1. Open YAZE → **Debug → Agent Chat**
2. Select **"Network"** mode
3. Enter server URL: `ws://localhost:8765` (or remote server)
4. Click **"Connect to Server"**
5. Host or join sessions like local mode

#### Core Features

**Session Management:**
- Unique 6-character session codes
- Participant tracking with join/leave notifications
- Real-time message broadcasting
- Persistent chat history

**Connection Management:**
- Health monitoring endpoints (`/health`, `/metrics`)
- Graceful shutdown notifications
- Automatic cleanup of inactive sessions
- Rate limiting (100 messages/minute per IP)

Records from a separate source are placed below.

(* Let $S$ be a semiring, let $f:L\to M$ and $g:L\to N$ be morphisms of left $S$-semimodules, and let $(g',f';P)$ be a pushout of $(f,g)$, with $g':M\to P$, $f':N\to P$, $g'\circ f=f'\circ g$. Then: (1) if $f$ is surjective, then $f'$ is surjective; (2) if $f$ is $i$-normal (i.e. $f(L)\subseteq M$ is subtractive), then $f'$ is $i$-normal (i.e. $f'(N)\subseteq P$ is subtractive); (3) if $f$ is a normal epimorphism, then $f'$ is a normal epimorphism; (4) if $f$ is injective and $g$ is a normal epimorphism, then $f'$ is injective.
   Context: A semiring $(S,+,0,\cdot,1)$ consists of a commutative monoid $(S,+,0)$ and a monoid $(S,\cdot,1)$ with $0\neq 1$, absorbing zero and both distributive laws; left $S$-semimodules and $S$-linear maps are as for modules over rings (without subtraction). For an $S$-linear map $h:X\to Y$, $\mathrm{Ker}(h)=\{x\in X\mid h(x)=0\}$. $h$ is $k$-normal if $h(x)=h(x')$ implies $x+k=x'+k'$ for some $k,k'\in\mathrm{Ker}(h)$; $h$ is $i$-normal if $h(X)=\overline{h(X)}$, where for $A\subseteq Y$ the subtractive closure is $\overline{A}=\{y\in Y\mid y+a=a'\text{ for some }a,a'\in A\}$ (a subsemimodule $A$ is subtractive if $A=\overline A$). A normal epimorphism is a surjective $k$-normal $S$-linear map. A pushout of $(f,g)$ is a triple $(g',f';P)$ with $S$-linear $g':M\to P$, $f':N\to P$, $g'\circ f=f'\circ g$, such that for every $Q$ and $S$-linear $g^*:M\to Q$, $f^*:N\to Q$ with $g^*\circ f=f^*\circ g$ there is a unique $S$-linear $\varphi:P\to Q$ with $\varphi\circ g'=g^*$, $\varphi\circ f'=f^*$. *)

theory Defs
  imports Main
begin

record ('s, 'a) smod =
  scar :: "'a set"
  sadd :: "'a \<Rightarrow> 'a \<Rightarrow> 'a"
  szero :: "'a"
  ssmul :: "'s \<Rightarrow> 'a \<Rightarrow> 'a"

definition semimodule :: "('s::semiring_1, 'a, 'b) smod_scheme \<Rightarrow> bool" where
  "semimodule X \<longleftrightarrow>
     szero X \<in> scar X \<and>
     (\<forall>x\<in>scar X. \<forall>y\<in>scar X. sadd X x y \<in> scar X) \<and>
     (\<forall>r. \<forall>x\<in>scar X. ssmul X r x \<in> scar X) \<and>
     (\<forall>x\<in>scar X. \<forall>y\<in>scar X. \<forall>z\<in>scar X. sadd X (sadd X x y) z = sadd X x (sadd X y z)) \<and>
     (\<forall>x\<in>scar X. \<forall>y\<in>scar X. sadd X x y = sadd X y x) \<and>
     (\<forall>x\<in>scar X. sadd X (szero X) x = x) \<and>
     (\<forall>r s. \<forall>x\<in>scar X. ssmul X (r * s) x = ssmul X r (ssmul X s x)) \<and>
     (\<forall>r s. \<forall>x\<in>scar X. ssmul X (r + s) x = sadd X (ssmul X r x) (ssmul X s x)) \<and>
     (\<forall>r. \<forall>x\<in>scar X. \<forall>y\<in>scar X. ssmul X r (sadd X x y) = sadd X (ssmul X r x) (ssmul X r y)) \<and>
     (\<forall>x\<in>scar X. ssmul X 1 x = x) \<and>
     (\<forall>x\<in>scar X. ssmul X 0 x = szero X) \<and>
     (\<forall>r. ssmul X r (szero X) = szero X)"

definition linear_map ::
  "('s::semiring_1, 'a, 'c) smod_scheme \<Rightarrow> ('s, 'b, 'd) smod_scheme \<Rightarrow> ('a \<Rightarrow> 'b) \<Rightarrow> bool" where
  "linear_map X Y h \<longleftrightarrow>
     (\<forall>x\<in>scar X. h x \<in> scar Y) \<and>
     (\<forall>x\<in>scar X. \<forall>y\<in>scar X. h (sadd X x y) = sadd Y (h x) (h y)) \<and>
     h (szero X) = szero Y \<and>
     (\<forall>r. \<forall>x\<in>scar X. h (ssmul X r x) = ssmul Y r (h x))"

definition Ker :: "('s, 'a, 'c) smod_scheme \<Rightarrow> ('s, 'b, 'd) smod_scheme \<Rightarrow> ('a \<Rightarrow> 'b) \<Rightarrow> 'a set" where
  "Ker X Y h = {x \<in> scar X. h x = szero Y}"

definition k_normal :: "('s, 'a, 'c) smod_scheme \<Rightarrow> ('s, 'b, 'd) smod_scheme \<Rightarrow> ('a \<Rightarrow> 'b) \<Rightarrow> bool" where
  "k_normal X Y h \<longleftrightarrow>
     (\<forall>x\<in>scar X. \<forall>x'\<in>scar X. h x = h x' \<longrightarrow>
        (\<exists>k\<in>Ker X Y h. \<exists>k'\<in>Ker X Y h. sadd X x k = sadd X x' k'))"

definition sub_closure :: "('s, 'b, 'd) smod_scheme \<Rightarrow> 'b set \<Rightarrow> 'b set" where
  "sub_closure Y A = {y \<in> scar Y. \<exists>a\<in>A. \<exists>a'\<in>A. sadd Y y a = a'}"

definition i_normal :: "('s, 'a, 'c) smod_scheme \<Rightarrow> ('s, 'b, 'd) smod_scheme \<Rightarrow> ('a \<Rightarrow> 'b) \<Rightarrow> bool" where
  "i_normal X Y h \<longleftrightarrow> h ` scar X = sub_closure Y (h ` scar X)"

definition surjective_map :: "('s, 'a, 'c) smod_scheme \<Rightarrow> ('s, 'b, 'd) smod_scheme \<Rightarrow> ('a \<Rightarrow> 'b) \<Rightarrow> bool" where
  "surjective_map X Y h \<longleftrightarrow> h ` scar X = scar Y"

definition normal_epi :: "('s, 'a, 'c) smod_scheme \<Rightarrow> ('s, 'b, 'd) smod_scheme \<Rightarrow> ('a \<Rightarrow> 'b) \<Rightarrow> bool" where
  "normal_epi X Y h \<longleftrightarrow> surjective_map X Y h \<and> k_normal X Y h"

text \<open>Pushout of (f,g), where f : L \<rightarrow> M and g : L \<rightarrow> N, with respect to all test
  semimodules Q whose carrier lies in the type 'q (selected by the TYPE argument).\<close>
definition is_pushout_wrt ::
  "'q itself \<Rightarrow> ('s::semiring_1, 'l) smod \<Rightarrow> ('s, 'm) smod \<Rightarrow> ('s, 'n) smod \<Rightarrow>
   ('l \<Rightarrow> 'm) \<Rightarrow> ('l \<Rightarrow> 'n) \<Rightarrow> ('s, 'p) smod \<Rightarrow> ('m \<Rightarrow> 'p) \<Rightarrow> ('n \<Rightarrow> 'p) \<Rightarrow> bool" where
  "is_pushout_wrt _ L M N f g P g' f' \<longleftrightarrow>
     linear_map M P g' \<and> linear_map N P f' \<and>
     (\<forall>x\<in>scar L. g' (f x) = f' (g x)) \<and>
     (\<forall>(Q :: ('s, 'q) smod) gs fs.
        semimodule Q \<and> linear_map M Q gs \<and> linear_map N Q fs \<and>
        (\<forall>x\<in>scar L. gs (f x) = fs (g x)) \<longrightarrow>
        (\<exists>\<phi>. linear_map P Q \<phi> \<and> (\<forall>x\<in>scar M. \<phi> (g' x) = gs x) \<and> (\<forall>y\<in>scar N. \<phi> (f' y) = fs y)) \<and>
        (\<forall>\<phi> \<psi>. linear_map P Q \<phi> \<and> (\<forall>x\<in>scar M. \<phi> (g' x) = gs x) \<and> (\<forall>y\<in>scar N. \<phi> (f' y) = fs y) \<and>
                linear_map P Q \<psi> \<and> (\<forall>x\<in>scar M. \<psi> (g' x) = gs x) \<and> (\<forall>y\<in>scar N. \<psi> (f' y) = fs y)
                \<longrightarrow> (\<forall>z\<in>scar P. \<phi> z = \<psi> z)))"

end

theory Submission
  imports Defs
begin

text \<open>Every element of the pushout P has the form g'(m) + f'(n): such sums form a subsemimodule
  through which both legs factor, and uniqueness in the universal property forces it to be all of P.
  This gives (1) at once. For (2), map P to the quotient M/f(L), sending N to zero: the M-component
  of an element of the subtractive closure of f'(N) then lies in the subtractive closure of f(L).
  For (3), if f is a normal epimorphism then g descends to a map M \<rightarrow> N/g(Ker f), so P maps to
  N/g(Ker f) compatibly with the projection; hence f'(n1) = f'(n2) forces n1 and n2 to be congruent
  modulo g(Ker f) \<subseteq> Ker f'. With f and g exchanged, this congruence combined with injectivity of f
  gives (4). The universal property only quantifies over test semimodules of one fixed type, so all
  these targets are first transported along injections into that type.\<close>

context
  fixes X :: "('s::semiring_1, 'a, 'c) smod_scheme"
  assumes X: "semimodule X"
begin

lemma smod_zero_closed: "szero X \<in> scar X"
  using X unfolding semimodule_def by metis

lemma smod_add_closed: "x \<in> scar X \<Longrightarrow> y \<in> scar X \<Longrightarrow> sadd X x y \<in> scar X"
  using X unfolding semimodule_def by metis

lemma smod_smul_closed: "x \<in> scar X \<Longrightarrow> ssmul X r x \<in> scar X"
  using X unfolding semimodule_def by metis

lemma smod_add_assoc:
  "x \<in> scar X \<Longrightarrow> y \<in> scar X \<Longrightarrow> z \<in> scar X \<Longrightarrow> sadd X (sadd X x y) z = sadd X x (sadd X y z)"
  using X unfolding semimodule_def by metis

lemma smod_add_commute: "x \<in> scar X \<Longrightarrow> y \<in> scar X \<Longrightarrow> sadd X x y = sadd X y x"
  using X unfolding semimodule_def by metis

lemma smod_add_zero_left: "x \<in> scar X \<Longrightarrow> sadd X (szero X) x = x"
  using X unfolding semimodule_def by metis

lemma smod_add_zero_right: "x \<in> scar X \<Longrightarrow> sadd X x (szero X) = x"
  by (metis smod_add_commute smod_add_zero_left smod_zero_closed)

lemma smod_add_left_commute:
  "x \<in> scar X \<Longrightarrow> y \<in> scar X \<Longrightarrow> z \<in> scar X \<Longrightarrow> sadd X x (sadd X y z) = sadd X y (sadd X x z)"
  by (metis smod_add_assoc smod_add_commute)

lemma smod_add_swap:
  assumes "a \<in> scar X" "b \<in> scar X" "c \<in> scar X" "d \<in> scar X"
  shows "sadd X (sadd X a b) (sadd X c d) = sadd X (sadd X a c) (sadd X b d)"
  using assms by (simp add: smod_add_assoc smod_add_closed smod_add_left_commute[of b c d])

lemma smod_smul_mult: "x \<in> scar X \<Longrightarrow> ssmul X (r * s) x = ssmul X r (ssmul X s x)"
  using X unfolding semimodule_def by metis

lemma smod_add_smul: "x \<in> scar X \<Longrightarrow> ssmul X (r + s) x = sadd X (ssmul X r x) (ssmul X s x)"
  using X unfolding semimodule_def by metis

lemma smod_smul_add:
  "x \<in> scar X \<Longrightarrow> y \<in> scar X \<Longrightarrow> ssmul X r (sadd X x y) = sadd X (ssmul X r x) (ssmul X r y)"
  using X unfolding semimodule_def by metis

lemma smod_smul_one: "x \<in> scar X \<Longrightarrow> ssmul X 1 x = x"
  using X unfolding semimodule_def by metis

lemma smod_zero_smul: "x \<in> scar X \<Longrightarrow> ssmul X 0 x = szero X"
  using X unfolding semimodule_def by metis

lemma smod_smul_zero: "ssmul X r (szero X) = szero X"
  using X unfolding semimodule_def by metis

end

context
  fixes X :: "('s::semiring_1, 'a, 'c) smod_scheme" and Y :: "('s, 'b, 'd) smod_scheme"
    and h :: "'a \<Rightarrow> 'b"
  assumes h: "linear_map X Y h"
begin

lemma linear_map_closed: "x \<in> scar X \<Longrightarrow> h x \<in> scar Y"
  using h unfolding linear_map_def by metis

lemma linear_map_add: "x \<in> scar X \<Longrightarrow> y \<in> scar X \<Longrightarrow> h (sadd X x y) = sadd Y (h x) (h y)"
  using h unfolding linear_map_def by metis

#### Advanced Features (v2.0)

**ROM ROM Synchronization**
Share ROM edits in real-time:
- Send base64-encoded diffs to all participants
- Automatic ROM hash tracking
- Size limit: 5MB per diff
- Conflict detection via hash comparison

**Snapshot Multimodal Snapshot Sharing**
Share screenshots and images:
- Capture and share specific editor views
- Support for multiple snapshot types (overworld, dungeon, sprite, etc.)
- Base64 encoding for efficient transfer
- Size limit: 10MB per snapshot

**Proposal Proposal Management**
Collaborative proposal workflow:
- Share AI-generated proposals with all participants
- Track proposal status: pending, accepted, rejected
- Real-time status updates broadcast to all users
- Proposal history tracked in server database

**AI Agent Integration**
Server-routed AI queries:
- Send queries through the collaboration server
- Shared AI responses visible to all participants
- Query history tracked in database
- Optional: Disable AI per session

#### Protocol Reference

The server uses JSON WebSocket messages over HTTP/WebSocket transport.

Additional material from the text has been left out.